-- Given data follows --
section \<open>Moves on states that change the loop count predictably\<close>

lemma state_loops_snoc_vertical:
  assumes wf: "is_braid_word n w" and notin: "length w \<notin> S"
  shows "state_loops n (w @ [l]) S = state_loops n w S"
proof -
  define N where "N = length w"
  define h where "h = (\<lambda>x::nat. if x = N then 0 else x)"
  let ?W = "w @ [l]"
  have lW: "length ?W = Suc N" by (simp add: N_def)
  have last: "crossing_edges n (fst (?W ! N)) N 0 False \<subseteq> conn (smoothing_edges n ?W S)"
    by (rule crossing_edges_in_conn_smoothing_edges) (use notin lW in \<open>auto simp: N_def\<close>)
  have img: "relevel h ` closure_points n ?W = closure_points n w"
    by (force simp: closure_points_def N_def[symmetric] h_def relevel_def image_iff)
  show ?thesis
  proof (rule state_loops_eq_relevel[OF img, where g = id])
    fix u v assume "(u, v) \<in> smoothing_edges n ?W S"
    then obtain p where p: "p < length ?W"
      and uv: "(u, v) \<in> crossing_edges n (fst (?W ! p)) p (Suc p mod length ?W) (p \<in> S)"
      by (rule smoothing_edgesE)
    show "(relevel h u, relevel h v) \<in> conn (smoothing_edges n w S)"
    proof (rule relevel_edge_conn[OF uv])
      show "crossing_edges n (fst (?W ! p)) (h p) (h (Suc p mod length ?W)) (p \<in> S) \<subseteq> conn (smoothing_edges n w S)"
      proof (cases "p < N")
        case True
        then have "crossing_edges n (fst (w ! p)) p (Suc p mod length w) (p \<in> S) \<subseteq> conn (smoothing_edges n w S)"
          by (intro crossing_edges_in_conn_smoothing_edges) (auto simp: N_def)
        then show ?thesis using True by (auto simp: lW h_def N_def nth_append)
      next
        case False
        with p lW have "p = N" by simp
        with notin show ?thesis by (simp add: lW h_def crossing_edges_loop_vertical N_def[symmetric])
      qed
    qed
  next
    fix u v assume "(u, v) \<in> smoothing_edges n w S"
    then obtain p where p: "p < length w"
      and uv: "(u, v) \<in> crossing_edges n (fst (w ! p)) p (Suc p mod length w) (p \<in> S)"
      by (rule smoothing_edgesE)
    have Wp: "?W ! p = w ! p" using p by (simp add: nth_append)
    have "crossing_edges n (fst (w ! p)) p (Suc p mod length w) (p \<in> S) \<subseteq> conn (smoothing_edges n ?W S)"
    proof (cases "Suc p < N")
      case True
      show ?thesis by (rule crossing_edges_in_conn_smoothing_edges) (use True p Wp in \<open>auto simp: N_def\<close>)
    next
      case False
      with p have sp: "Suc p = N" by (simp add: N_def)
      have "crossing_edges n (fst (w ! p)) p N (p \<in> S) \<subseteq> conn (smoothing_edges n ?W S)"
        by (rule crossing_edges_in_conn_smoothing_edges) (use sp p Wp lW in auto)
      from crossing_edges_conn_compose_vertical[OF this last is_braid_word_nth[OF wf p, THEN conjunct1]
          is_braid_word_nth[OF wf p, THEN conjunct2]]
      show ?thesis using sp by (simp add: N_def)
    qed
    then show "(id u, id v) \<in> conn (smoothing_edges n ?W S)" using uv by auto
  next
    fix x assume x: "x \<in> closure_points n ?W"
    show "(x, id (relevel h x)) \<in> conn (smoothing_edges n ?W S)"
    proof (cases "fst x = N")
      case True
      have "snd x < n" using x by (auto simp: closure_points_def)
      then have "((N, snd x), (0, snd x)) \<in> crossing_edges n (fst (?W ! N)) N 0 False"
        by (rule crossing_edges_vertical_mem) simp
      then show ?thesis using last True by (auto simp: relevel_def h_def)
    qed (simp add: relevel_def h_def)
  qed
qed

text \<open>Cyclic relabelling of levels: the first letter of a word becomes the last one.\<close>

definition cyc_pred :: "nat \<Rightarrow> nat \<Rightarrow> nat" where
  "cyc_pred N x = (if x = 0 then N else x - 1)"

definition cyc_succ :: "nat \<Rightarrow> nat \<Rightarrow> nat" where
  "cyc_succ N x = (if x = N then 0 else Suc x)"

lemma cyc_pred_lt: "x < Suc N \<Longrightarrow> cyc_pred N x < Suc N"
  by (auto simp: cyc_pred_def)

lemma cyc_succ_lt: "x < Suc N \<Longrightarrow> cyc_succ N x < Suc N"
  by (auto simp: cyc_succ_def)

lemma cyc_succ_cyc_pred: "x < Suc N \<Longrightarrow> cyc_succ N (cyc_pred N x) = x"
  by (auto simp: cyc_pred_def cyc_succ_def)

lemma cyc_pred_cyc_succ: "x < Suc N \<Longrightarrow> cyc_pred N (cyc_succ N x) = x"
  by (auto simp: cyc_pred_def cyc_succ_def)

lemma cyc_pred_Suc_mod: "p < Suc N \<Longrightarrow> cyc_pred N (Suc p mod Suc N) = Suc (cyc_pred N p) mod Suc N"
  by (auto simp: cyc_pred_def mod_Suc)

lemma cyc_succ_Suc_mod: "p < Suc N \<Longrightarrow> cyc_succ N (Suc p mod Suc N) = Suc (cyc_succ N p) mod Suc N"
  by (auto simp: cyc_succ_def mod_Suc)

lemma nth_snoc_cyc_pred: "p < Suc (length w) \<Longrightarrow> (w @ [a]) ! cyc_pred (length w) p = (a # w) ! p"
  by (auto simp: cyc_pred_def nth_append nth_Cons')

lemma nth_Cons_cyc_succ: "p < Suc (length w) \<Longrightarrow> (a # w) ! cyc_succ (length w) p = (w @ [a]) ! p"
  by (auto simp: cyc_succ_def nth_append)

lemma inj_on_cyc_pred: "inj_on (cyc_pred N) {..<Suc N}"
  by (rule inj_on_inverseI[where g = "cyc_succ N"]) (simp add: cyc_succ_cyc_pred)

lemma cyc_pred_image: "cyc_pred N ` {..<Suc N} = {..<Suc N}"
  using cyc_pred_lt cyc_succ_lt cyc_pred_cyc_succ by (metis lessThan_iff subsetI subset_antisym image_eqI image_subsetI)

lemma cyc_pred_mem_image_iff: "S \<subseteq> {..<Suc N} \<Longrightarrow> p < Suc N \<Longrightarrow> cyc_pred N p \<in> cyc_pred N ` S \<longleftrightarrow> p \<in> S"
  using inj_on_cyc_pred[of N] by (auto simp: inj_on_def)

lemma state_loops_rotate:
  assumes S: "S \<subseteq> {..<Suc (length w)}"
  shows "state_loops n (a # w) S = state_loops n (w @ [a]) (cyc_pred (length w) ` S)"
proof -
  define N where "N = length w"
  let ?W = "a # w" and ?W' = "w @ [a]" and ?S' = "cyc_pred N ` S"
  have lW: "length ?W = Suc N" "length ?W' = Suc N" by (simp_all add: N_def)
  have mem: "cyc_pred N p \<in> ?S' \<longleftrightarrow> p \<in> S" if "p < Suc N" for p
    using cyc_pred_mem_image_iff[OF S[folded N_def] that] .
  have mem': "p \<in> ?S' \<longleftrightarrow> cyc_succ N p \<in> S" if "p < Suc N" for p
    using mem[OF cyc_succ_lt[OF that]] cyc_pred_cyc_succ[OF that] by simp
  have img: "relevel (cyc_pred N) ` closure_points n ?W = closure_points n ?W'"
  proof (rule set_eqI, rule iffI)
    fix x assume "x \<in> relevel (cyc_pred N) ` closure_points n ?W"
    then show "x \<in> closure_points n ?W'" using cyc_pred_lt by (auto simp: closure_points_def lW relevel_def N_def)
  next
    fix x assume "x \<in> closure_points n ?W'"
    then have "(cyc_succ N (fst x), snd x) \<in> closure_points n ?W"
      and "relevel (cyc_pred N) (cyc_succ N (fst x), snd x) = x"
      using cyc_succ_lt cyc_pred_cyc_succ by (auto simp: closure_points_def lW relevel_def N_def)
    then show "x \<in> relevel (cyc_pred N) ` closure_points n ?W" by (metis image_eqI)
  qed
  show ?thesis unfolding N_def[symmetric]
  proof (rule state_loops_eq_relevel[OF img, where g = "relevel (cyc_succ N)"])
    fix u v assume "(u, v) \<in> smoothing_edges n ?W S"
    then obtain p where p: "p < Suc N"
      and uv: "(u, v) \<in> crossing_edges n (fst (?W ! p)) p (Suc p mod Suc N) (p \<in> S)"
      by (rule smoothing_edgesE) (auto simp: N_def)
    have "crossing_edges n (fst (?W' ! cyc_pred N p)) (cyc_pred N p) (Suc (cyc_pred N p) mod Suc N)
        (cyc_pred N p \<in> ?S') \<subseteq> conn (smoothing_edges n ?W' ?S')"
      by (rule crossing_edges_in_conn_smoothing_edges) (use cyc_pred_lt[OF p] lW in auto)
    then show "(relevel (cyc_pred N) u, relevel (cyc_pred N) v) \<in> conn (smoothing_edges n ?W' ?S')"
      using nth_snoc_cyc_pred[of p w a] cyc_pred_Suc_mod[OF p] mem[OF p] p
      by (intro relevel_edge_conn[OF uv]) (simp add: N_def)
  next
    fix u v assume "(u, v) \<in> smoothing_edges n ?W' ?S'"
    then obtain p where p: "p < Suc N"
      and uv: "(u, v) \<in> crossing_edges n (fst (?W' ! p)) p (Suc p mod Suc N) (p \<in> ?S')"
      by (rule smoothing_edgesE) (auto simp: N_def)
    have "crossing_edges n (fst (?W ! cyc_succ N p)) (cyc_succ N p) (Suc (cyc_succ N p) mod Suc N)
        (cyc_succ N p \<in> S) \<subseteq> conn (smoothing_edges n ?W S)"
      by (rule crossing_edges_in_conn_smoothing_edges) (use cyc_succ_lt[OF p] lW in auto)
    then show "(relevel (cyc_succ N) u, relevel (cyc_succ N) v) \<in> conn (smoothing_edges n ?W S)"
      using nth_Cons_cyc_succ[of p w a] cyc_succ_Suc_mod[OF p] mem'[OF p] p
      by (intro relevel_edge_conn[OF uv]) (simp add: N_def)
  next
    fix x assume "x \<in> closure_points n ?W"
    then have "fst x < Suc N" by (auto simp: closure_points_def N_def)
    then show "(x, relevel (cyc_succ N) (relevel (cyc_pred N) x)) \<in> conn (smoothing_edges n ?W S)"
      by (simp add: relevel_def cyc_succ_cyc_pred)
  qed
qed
-- Given data concluded --
## Task to complete
Repeat the entries above exactly, beginning at their first line and ending with the line that contains "proof (rule relevel_edge_conn[OF uv])", with nothing added.

## Solution to this problem
section \<open>Moves on states that change the loop count predictably\<close>

lemma state_loops_snoc_vertical:
  assumes wf: "is_braid_word n w" and notin: "length w \<notin> S"
  shows "state_loops n (w @ [l]) S = state_loops n w S"
proof -
  define N where "N = length w"
  define h where "h = (\<lambda>x::nat. if x = N then 0 else x)"
  let ?W = "w @ [l]"
  have lW: "length ?W = Suc N" by (simp add: N_def)
  have last: "crossing_edges n (fst (?W ! N)) N 0 False \<subseteq> conn (smoothing_edges n ?W S)"
    by (rule crossing_edges_in_conn_smoothing_edges) (use notin lW in \<open>auto simp: N_def\<close>)
  have img: "relevel h ` closure_points n ?W = closure_points n w"
    by (force simp: closure_points_def N_def[symmetric] h_def relevel_def image_iff)
  show ?thesis
  proof (rule state_loops_eq_relevel[OF img, where g = id])
    fix u v assume "(u, v) \<in> smoothing_edges n ?W S"
    then obtain p where p: "p < length ?W"
      and uv: "(u, v) \<in> crossing_edges n (fst (?W ! p)) p (Suc p mod length ?W) (p \<in> S)"
      by (rule smoothing_edgesE)
    show "(relevel h u, relevel h v) \<in> conn (smoothing_edges n w S)"
    proof (rule relevel_edge_conn[OF uv])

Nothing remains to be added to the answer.